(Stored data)
-*-*-

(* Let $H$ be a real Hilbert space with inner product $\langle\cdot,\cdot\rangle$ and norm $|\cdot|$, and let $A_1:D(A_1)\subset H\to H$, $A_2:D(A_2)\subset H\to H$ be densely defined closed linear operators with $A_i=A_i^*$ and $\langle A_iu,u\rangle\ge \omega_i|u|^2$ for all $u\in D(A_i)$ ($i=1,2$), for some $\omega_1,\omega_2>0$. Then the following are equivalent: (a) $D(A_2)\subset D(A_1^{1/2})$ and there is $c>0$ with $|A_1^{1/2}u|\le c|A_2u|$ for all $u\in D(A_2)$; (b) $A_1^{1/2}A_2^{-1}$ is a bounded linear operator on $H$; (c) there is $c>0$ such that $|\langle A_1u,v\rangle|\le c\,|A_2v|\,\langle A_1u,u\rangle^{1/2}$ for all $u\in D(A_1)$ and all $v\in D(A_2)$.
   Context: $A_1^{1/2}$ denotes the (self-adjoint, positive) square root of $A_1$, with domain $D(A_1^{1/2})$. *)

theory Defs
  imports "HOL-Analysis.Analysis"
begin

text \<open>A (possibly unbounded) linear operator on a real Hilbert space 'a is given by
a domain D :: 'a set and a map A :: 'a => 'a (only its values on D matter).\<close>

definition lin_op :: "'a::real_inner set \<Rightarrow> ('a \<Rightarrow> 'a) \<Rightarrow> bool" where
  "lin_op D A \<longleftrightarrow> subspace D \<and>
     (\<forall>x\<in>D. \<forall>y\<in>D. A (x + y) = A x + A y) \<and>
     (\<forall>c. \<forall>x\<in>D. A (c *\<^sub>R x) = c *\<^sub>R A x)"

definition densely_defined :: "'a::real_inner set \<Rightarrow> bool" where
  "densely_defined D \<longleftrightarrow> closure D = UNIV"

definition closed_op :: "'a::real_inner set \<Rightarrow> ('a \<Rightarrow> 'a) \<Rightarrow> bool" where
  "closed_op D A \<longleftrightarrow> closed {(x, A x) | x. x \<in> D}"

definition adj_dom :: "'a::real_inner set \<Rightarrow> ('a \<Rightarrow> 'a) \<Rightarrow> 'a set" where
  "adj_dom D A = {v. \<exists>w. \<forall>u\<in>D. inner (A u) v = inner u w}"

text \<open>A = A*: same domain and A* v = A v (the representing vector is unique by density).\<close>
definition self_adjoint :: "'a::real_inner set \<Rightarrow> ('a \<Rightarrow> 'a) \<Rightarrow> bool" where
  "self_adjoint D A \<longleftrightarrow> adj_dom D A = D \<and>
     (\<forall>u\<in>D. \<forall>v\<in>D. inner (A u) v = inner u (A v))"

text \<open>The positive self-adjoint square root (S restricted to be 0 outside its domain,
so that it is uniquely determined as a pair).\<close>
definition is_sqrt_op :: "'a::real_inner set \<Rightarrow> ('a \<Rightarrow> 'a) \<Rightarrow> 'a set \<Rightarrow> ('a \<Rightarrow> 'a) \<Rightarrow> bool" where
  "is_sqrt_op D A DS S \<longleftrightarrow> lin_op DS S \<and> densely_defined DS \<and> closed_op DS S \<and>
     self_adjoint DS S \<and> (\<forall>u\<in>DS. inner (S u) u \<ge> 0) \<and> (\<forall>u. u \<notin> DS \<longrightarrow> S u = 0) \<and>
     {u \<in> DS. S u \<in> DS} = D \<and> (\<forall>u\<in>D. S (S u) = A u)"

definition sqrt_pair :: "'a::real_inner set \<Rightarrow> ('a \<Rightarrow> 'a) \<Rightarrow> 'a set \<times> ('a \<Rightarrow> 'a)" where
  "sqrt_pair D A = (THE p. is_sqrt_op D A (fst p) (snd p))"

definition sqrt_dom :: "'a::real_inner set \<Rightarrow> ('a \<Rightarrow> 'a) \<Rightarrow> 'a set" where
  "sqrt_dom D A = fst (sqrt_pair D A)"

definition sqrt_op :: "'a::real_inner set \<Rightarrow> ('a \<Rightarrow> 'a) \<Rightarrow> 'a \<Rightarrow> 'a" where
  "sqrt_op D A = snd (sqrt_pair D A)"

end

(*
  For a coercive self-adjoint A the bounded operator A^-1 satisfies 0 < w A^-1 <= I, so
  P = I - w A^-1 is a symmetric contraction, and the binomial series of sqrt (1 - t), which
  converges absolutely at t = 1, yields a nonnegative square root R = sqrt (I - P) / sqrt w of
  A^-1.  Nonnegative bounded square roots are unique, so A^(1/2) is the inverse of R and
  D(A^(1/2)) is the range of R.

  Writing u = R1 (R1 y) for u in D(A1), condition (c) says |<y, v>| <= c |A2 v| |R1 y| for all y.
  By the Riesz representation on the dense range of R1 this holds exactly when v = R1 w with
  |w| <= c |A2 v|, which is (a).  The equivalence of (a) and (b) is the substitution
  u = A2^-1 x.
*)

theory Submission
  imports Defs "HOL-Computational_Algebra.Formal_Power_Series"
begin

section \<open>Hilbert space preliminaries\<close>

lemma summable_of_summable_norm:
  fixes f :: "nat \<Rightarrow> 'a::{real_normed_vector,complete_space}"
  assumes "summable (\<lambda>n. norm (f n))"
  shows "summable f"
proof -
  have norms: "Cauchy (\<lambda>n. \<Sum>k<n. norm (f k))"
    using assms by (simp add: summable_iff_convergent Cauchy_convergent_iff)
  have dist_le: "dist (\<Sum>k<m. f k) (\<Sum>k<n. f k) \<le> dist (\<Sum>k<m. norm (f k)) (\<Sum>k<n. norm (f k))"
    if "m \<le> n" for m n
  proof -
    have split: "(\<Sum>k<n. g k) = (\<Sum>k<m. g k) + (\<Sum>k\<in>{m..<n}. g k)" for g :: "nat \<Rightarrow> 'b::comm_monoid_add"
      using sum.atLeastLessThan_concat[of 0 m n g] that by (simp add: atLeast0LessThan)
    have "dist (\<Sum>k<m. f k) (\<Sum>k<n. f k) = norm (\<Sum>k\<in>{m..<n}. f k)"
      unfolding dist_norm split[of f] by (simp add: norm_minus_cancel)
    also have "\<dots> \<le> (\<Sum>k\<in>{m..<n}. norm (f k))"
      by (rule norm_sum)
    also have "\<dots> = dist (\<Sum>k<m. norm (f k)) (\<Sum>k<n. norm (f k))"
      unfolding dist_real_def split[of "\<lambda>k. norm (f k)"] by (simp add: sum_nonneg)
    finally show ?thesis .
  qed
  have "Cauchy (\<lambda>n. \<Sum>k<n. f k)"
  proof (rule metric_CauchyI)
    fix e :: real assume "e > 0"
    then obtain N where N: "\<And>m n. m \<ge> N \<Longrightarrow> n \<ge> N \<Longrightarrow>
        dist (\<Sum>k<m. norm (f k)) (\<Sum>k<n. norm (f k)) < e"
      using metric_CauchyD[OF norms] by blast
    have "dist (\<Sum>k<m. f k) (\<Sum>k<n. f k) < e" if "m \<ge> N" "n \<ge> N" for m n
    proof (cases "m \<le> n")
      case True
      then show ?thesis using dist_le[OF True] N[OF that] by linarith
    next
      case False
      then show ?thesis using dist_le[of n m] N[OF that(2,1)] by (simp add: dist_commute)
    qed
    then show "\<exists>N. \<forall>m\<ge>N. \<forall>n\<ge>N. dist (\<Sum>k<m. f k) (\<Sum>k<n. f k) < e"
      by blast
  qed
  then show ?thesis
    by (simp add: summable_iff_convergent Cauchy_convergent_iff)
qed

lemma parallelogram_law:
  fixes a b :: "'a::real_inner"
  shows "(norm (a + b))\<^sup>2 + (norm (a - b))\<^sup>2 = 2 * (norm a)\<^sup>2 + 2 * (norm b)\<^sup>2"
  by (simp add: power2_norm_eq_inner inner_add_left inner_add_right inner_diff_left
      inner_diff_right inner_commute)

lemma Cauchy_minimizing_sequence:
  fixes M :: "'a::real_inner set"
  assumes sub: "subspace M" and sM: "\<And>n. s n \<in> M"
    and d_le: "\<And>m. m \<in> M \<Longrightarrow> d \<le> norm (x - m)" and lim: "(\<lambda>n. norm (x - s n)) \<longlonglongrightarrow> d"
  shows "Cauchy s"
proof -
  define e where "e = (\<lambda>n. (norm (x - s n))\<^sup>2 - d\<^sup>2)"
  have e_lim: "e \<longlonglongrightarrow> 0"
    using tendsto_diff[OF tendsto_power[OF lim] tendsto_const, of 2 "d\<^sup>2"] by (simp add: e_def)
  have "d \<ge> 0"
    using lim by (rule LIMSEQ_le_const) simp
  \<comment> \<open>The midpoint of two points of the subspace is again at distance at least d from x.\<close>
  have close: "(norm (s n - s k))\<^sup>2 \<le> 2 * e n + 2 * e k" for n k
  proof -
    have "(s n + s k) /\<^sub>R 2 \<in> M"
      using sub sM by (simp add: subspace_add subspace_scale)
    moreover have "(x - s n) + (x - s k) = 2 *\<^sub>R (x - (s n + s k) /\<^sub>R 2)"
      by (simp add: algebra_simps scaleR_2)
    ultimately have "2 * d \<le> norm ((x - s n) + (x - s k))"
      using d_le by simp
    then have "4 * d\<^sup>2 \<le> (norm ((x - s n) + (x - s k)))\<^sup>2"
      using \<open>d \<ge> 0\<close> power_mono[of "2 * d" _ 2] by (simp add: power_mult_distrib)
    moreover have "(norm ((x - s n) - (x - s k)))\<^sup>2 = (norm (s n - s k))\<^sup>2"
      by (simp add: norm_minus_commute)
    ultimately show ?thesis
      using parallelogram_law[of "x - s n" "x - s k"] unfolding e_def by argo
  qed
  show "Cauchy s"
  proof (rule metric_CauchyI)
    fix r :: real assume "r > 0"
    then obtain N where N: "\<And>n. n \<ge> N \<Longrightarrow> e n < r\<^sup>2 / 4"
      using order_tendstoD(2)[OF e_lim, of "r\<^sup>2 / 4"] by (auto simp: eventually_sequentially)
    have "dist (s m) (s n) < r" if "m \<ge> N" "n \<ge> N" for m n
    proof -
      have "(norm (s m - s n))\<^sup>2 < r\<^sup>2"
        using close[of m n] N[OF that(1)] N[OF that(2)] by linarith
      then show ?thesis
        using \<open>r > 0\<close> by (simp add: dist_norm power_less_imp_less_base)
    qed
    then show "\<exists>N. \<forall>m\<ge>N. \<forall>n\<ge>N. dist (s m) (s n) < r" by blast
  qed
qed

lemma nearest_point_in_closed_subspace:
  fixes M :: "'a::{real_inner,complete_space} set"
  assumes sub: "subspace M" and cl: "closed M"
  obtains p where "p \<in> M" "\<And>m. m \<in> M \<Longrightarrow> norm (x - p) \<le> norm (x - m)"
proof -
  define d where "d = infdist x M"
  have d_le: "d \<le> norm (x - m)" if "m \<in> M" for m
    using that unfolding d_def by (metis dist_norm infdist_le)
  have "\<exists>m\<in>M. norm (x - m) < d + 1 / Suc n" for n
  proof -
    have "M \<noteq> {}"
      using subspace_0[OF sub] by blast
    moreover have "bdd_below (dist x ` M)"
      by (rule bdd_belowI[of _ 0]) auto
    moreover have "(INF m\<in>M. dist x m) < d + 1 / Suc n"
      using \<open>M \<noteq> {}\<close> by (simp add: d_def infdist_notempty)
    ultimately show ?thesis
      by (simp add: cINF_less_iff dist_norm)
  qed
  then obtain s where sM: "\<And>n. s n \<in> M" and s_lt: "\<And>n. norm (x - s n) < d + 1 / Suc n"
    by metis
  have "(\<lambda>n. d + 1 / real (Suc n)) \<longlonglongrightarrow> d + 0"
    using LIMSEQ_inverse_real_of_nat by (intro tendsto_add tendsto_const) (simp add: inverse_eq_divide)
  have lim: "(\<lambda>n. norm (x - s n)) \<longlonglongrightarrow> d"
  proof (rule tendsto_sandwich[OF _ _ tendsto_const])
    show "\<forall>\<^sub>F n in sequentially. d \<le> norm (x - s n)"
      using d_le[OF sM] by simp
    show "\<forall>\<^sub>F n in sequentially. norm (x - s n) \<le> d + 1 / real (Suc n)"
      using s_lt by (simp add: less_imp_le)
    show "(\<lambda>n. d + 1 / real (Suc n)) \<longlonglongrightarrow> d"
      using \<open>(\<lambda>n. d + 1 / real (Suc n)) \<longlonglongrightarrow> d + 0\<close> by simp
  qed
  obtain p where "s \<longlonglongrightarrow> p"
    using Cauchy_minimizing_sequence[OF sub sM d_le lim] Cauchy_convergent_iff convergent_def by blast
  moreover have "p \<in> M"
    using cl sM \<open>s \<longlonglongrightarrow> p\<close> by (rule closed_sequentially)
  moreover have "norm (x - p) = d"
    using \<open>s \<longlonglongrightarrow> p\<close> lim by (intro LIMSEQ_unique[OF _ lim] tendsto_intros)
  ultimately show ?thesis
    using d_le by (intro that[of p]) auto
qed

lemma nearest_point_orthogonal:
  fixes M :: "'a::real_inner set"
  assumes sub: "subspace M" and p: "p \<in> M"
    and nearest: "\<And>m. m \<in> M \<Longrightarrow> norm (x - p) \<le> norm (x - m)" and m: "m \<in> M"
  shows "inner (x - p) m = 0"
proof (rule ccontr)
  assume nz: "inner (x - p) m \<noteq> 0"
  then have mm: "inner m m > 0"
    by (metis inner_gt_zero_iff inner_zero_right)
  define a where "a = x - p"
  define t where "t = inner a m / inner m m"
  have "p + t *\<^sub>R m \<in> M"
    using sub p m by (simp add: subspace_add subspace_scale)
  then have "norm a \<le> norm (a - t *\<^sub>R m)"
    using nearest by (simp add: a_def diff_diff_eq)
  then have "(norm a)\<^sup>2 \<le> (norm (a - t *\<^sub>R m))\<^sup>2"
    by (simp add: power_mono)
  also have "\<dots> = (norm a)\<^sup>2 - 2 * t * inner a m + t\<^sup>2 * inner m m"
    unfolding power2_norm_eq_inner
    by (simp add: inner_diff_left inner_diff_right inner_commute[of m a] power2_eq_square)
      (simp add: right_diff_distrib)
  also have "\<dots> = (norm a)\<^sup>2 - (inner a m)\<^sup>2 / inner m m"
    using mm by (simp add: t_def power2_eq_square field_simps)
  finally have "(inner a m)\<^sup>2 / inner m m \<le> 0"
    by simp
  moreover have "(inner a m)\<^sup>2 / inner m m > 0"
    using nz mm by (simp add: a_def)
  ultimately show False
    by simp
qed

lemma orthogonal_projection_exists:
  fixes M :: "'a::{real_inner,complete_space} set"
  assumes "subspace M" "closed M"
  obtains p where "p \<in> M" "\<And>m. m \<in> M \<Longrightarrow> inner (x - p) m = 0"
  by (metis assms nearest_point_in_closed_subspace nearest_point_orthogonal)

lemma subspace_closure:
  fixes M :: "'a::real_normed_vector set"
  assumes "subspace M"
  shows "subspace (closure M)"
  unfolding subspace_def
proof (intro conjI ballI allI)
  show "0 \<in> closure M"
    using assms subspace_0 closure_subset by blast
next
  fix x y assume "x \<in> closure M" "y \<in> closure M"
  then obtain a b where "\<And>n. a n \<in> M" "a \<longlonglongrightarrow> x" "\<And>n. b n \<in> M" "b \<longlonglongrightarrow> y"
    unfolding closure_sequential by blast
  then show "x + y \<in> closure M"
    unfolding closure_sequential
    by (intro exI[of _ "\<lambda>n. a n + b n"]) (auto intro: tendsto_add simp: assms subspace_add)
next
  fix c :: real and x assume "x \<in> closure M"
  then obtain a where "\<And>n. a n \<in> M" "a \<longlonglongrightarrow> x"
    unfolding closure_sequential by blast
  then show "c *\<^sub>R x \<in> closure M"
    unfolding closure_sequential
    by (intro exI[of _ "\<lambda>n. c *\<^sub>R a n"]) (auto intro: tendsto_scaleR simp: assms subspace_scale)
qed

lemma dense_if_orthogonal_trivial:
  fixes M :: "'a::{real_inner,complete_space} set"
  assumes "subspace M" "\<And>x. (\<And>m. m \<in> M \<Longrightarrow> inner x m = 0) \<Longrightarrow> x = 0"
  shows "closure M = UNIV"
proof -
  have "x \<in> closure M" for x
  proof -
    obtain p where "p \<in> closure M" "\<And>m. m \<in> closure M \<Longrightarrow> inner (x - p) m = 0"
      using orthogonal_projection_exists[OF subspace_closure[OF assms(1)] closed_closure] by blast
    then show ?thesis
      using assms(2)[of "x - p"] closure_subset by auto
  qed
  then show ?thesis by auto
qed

-*-*-

**PROBLEM REQUIREMENTS**
Wherever the word "thesis" appears in the records above, copy that line.

**ANSWER TO THIS TASK**
    finally show ?thesis .
      then show ?thesis using dist_le[OF True] N[OF that] by linarith
      then show ?thesis using dist_le[of n m] N[OF that(2,1)] by (simp add: dist_commute)
  then show ?thesis
    ultimately show ?thesis
      then show ?thesis
    ultimately show ?thesis
  ultimately show ?thesis
    then show ?thesis
  then show ?thesis by auto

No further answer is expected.